(MATERIAL PROVIDED)

(* Let $\mathbb{H}$ be a finite-dimensional complex Hilbert space and $t\mapsto H(t)$ a continuous family of self-adjoint operators with propagator $\{U(t,s)\}$ (unitaries with $U(t,t)=I$, $U(t,r)U(r,s)=U(t,s)$, $\mathrm{i}\frac{d}{dt}U(t,s)=H(t)U(t,s)$). Let $X_0=\sum_{j=1}^n\lambda_jE_j$ be self-adjoint with distinct eigenvalues and spectral projections $E_j$, with $U(0,T)E_jU(T,0)=E_j$ for all $j$ for some $T>0$. For each $j$ let $\{\psi^{(j)}_k\}_{k=1}^{d_j}$ be an orthonormal basis of $E_j[\mathbb{H}]$, $\psi^{(j)}_k(t)=U(0,t)\psi^{(j)}_k$, $\mathbb{H}_j(t)=U(0,t)E_jU(t,0)[\mathbb{H}]$, $\tilde V_j(t)=[\tilde v^{(j)}_{mk}(t)]$ the solution of $\mathrm{i}\frac{d}{dt}\tilde V_j=C_j\tilde V_j$, $\tilde V_j(0)=I_{d_j}$, where $C_j(t)=[\langle\psi^{(j)}_m,H(t)\psi^{(j)}_k\rangle]_{m,k}$, and $\tilde\psi^{(j)}_k(t)=\sum_m\tilde v^{(j)}_{mk}(t)\psi^{(j)}_m(t)$. Let $\{\bar\psi^{(j)}_k(t)\}_{k}$ be, for each $t\in[0,T]$, an orthonormal basis of $\mathbb{H}_j(t)$, continuously differentiable in $t$, with $\bar\psi^{(j)}_k(T)=\bar\psi^{(j)}_k(0)=\psi^{(j)}_k$. Set $\tilde U(t)=\sum_j\sum_k|\tilde\psi^{(j)}_k(t)\rangle\langle\psi^{(j)}_k|$, $\bar U(t)=\sum_j\sum_k|\bar\psi^{(j)}_k(t)\rangle\langle\psi^{(j)}_k|$, and let $\mathbf{C}_W:[0,T]\ni t\mapsto W(t)=\Pi(\bar U(t))$, where $\Pi$ is the quotient map for the partitioned orthonormal basis $O_0=\{\psi^{(j)}_k\}$ with blocks $Q^{(j)}_0=\{\psi^{(j)}_k:1\le k\le d_j\}$. Then $t\mapsto\tilde U(t)$ is the horizontal lift of $\mathbf{C}_W$ with respect to the canonical connection $\check\Omega$; that is, $\tilde U$ is a smooth curve in $\mathcal{U}(\mathbb{H})$ with $\Pi(\tilde U(t))=W(t)$ and $\check\Omega_{\tilde U(t)}\big(\frac{d\tilde U(t)}{dt}\big)=0$ for all $t\in[0,T]$.
   Context: $\mathcal{G}$ denotes the group of unitaries block diagonal with respect to the partition $O_0=\bigcup_jQ^{(j)}_0$ (i.e. of the form $\sum_j\sum_{m,k}u^{(j)}_{mk}|\psi^{(j)}_m\rangle\langle\psi^{(j)}_k|$ with unitary blocks), $\mathcal{W}=\{U\mathcal{G}:U\in\mathcal{U}(\mathbb{H})\}$, and $\Pi(U)=U\mathcal{G}$. For $P\in\mathcal{U}(\mathbb{H})$ and $Q$ a tangent vector at $P$ (derivative at $0$ of a differentiable curve in $\mathcal{U}(\mathbb{H})$ through $P$), the canonical connection is $\check\Omega_P(Q)=\sum_{j=1}^n\sum_{m,k=1}^{d_j}\langle\psi^{(j)}_m,P^{-1}Q\psi^{(j)}_k\rangle|\psi^{(j)}_m\rangle\langle\psi^{(j)}_k|$. Inner products are linear in the second argument. *)

theory Defs
  imports "HOL-Analysis.Analysis"
begin

text \<open>The finite-dimensional Hilbert space is modelled as complex^'n ('n finite);
operators are matrices complex^'n^'n acting by *v.\<close>

definition cinner :: "complex^'n \<Rightarrow> complex^'n \<Rightarrow> complex" where
  "cinner x y = (\<Sum>i\<in>UNIV. cnj (x$i) * y$i)"

definition adj :: "complex^'n^'n \<Rightarrow> complex^'n^'n" where
  "adj M = (\<chi> i j. cnj (M$j$i))"

definition unitary :: "complex^'n^'n \<Rightarrow> bool" where
  "unitary M \<longleftrightarrow> adj M ** M = mat 1 \<and> M ** adj M = mat 1"

definition self_adjoint :: "complex^'n^'n \<Rightarrow> bool" where
  "self_adjoint M \<longleftrightarrow> adj M = M"

definition cmscale :: "complex \<Rightarrow> complex^'n^'n \<Rightarrow> complex^'n^'n" where
  "cmscale c M = (\<chi> i j. c * M$i$j)"

definition ketbra :: "complex^'n \<Rightarrow> complex^'n \<Rightarrow> complex^'n^'n" where
  "ketbra a b = (\<chi> i l. a$i * cnj (b$l))"

definition op_range :: "complex^'n^'n \<Rightarrow> (complex^'n) set" where
  "op_range M = {M *v y | y. True}"

definition onb_of :: "(complex^'n) set \<Rightarrow> (nat \<Rightarrow> complex^'n) \<Rightarrow> nat \<Rightarrow> bool" where
  "onb_of S v m \<longleftrightarrow>
     (\<forall>k<m. \<forall>l<m. cinner (v k) (v l) = (if k = l then 1 else 0)) \<and>
     (\<forall>k<m. v k \<in> S) \<and>
     (\<forall>x\<in>S. \<exists>c. x = (\<Sum>k<m. c k *s v k))"

text \<open>The group G of unitaries block diagonal w.r.t. the partitioned ONB psi (blocks j < n,
block j = {psi j k | k < d j}).\<close>
definition blockG :: "nat \<Rightarrow> (nat \<Rightarrow> nat) \<Rightarrow> (nat \<Rightarrow> nat \<Rightarrow> complex^'n) \<Rightarrow> (complex^'n^'n) set" where
  "blockG n d psi =
     {(\<Sum>j<n. \<Sum>m<d j. \<Sum>k<d j. cmscale (u j m k) (ketbra (psi j m) (psi j k))) | u.
        \<forall>j<n. (\<forall>m<d j. \<forall>k<d j.
                 (\<Sum>l<d j. cnj (u j l m) * u j l k) = (if m = k then 1 else 0)) \<and>
               (\<forall>m<d j. \<forall>k<d j.
                 (\<Sum>l<d j. u j m l * cnj (u j k l)) = (if m = k then 1 else 0))}"

definition Pi_quot :: "nat \<Rightarrow> (nat \<Rightarrow> nat) \<Rightarrow> (nat \<Rightarrow> nat \<Rightarrow> complex^'n) \<Rightarrow> complex^'n^'n \<Rightarrow> (complex^'n^'n) set" where
  "Pi_quot n d psi U = {U ** g | g. g \<in> blockG n d psi}"

definition can_conn :: "nat \<Rightarrow> (nat \<Rightarrow> nat) \<Rightarrow> (nat \<Rightarrow> nat \<Rightarrow> complex^'n) \<Rightarrow> complex^'n^'n \<Rightarrow> complex^'n^'n \<Rightarrow> complex^'n^'n" where
  "can_conn n d psi P Q =
     (\<Sum>j<n. \<Sum>m<d j. \<Sum>k<d j.
        cmscale (cinner (psi j m) ((matrix_inv P ** Q) *v psi j k)) (ketbra (psi j m) (psi j k)))"

end

theory Submission
  imports Defs
begin

text \<open>The coefficient functions Vt assemble into the block matrix V(t) with entries Vt j t m k
  in block j, which solves i V' = K V for the block-diagonal part K = (sum over j of E j H E j)
  of H. Hence V(t) is unitary and commutes with every E j, i.e. V(t) lies in G, and
  Util(t) = U(0,t) V(t). The vectors U(t,0) psibar j k t form orthonormal bases of the ranges of
  the E j, so also Ubar(t) = U(0,t) g(t) with g(t) in G, and Util(t), Ubar(t) lie in the same
  coset. Finally Util' = -i U(0,t) (K - H) V, and K - H has vanishing diagonal blocks, which are
  exactly what the canonical connection sees.

  Neither X0, the cyclicity of the E j, nor the endpoint values and the differentiability of
  psibar are needed for this statement.\<close>

section \<open>Adjoints, inner products and unitary matrices\<close>

lemma adj_adj [simp]: "adj (adj M) = M"
  by (simp add: adj_def vec_eq_iff)

lemma adj_mult: "adj (A ** B) = adj B ** adj (A::complex^'n^'n)"
  by (simp add: adj_def vec_eq_iff matrix_matrix_mult_def mult.commute)

lemma adj_add: "adj (A + B) = adj A + adj B"
  by (simp add: adj_def vec_eq_iff)

lemma adj_mat_1 [simp]: "adj (mat 1 :: complex^'n^'n) = mat 1"
  by (simp add: adj_def vec_eq_iff mat_def)

lemma adj_scaleR: "adj (r *\<^sub>R M) = r *\<^sub>R adj M"
  by (simp add: adj_def vec_eq_iff)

(End MATERIAL PROVIDED)

## ASSIGNMENT
Among the lines of the data above, find those with the word "simp" and show them.

## RESULT FOR THIS TASK
lemma adj_adj [simp]: "adj (adj M) = M"
  by (simp add: adj_def vec_eq_iff)
  by (simp add: adj_def vec_eq_iff matrix_matrix_mult_def mult.commute)
  by (simp add: adj_def vec_eq_iff)
lemma adj_mat_1 [simp]: "adj (mat 1 :: complex^'n^'n) = mat 1"
  by (simp add: adj_def vec_eq_iff mat_def)
  by (simp add: adj_def vec_eq_iff)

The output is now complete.